*ABOUT THIS EXERCISE*
Look in the material below for the line holding "u \<longleftrightarrow> (\<forall>i.". Set it down exactly, with each later line up to and including the line holding "x = (\<lambda>i.".

*DATA PROVIDED*
text \<open>One-sided sequences over {0,1} are functions nat => nat (values 0,1);
  two-sided sequences are functions int => nat.
  The space nat => nat carries the product topology (discrete topology on nat).\<close>

definition blocks :: "(nat \<Rightarrow> nat) \<Rightarrow> nat \<Rightarrow> nat list set" where
  "blocks u n = {map (\<lambda>j. u (i + j)) [0..<n] | i. True}"

definition lang :: "(nat \<Rightarrow> nat) \<Rightarrow> nat list set" where
  "lang u = (\<Union>n. blocks u n)"

definition sturmian :: "(nat \<Rightarrow> nat) \<Rightarrow> bool" where
  "sturmian u \<longleftrightarrow> (\<forall>i. u i \<in> {0, 1}) \<and> (\<forall>n\<ge>1. card (blocks u n) = n + 1)"

definition shift :: "(nat \<Rightarrow> nat) \<Rightarrow> (nat \<Rightarrow> nat)" where
  "shift x = (\<lambda>i. x (Suc i))"

definition Xplus :: "(nat \<Rightarrow> nat) \<Rightarrow> (nat \<Rightarrow> nat) set" where
  "Xplus u = closure (range (\<lambda>n. (shift ^^ n) u))"

definition Xtilde :: "(nat \<Rightarrow> nat) \<Rightarrow> (int \<Rightarrow> nat) set" where
  "Xtilde u = {x. \<forall>p::int. (\<lambda>i::nat. x (p + int i)) \<in> Xplus u}"

text \<open>The block a = a_{-n} ... a_0 is the list [a_{-n},...,a_0] of length n+1.\<close>
definition fol :: "(nat \<Rightarrow> nat) \<Rightarrow> nat list \<Rightarrow> (nat \<Rightarrow> nat) set" where
  "fol u a = {y \<in> Xplus u. \<exists>x \<in> Xtilde u. (\<forall>i::nat. x (int i) = y i) \<and>
      (\<forall>k<length a. x (int k - int (length a - 1)) = a ! k)}"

*OUTPUT BELOW*
  "sturmian u \<longleftrightarrow> (\<forall>i. u i \<in> {0, 1}) \<and> (\<forall>n\<ge>1. card (blocks u n) = n + 1)"

definition shift :: "(nat \<Rightarrow> nat) \<Rightarrow> (nat \<Rightarrow> nat)" where
  "shift x = (\<lambda>i. x (Suc i))"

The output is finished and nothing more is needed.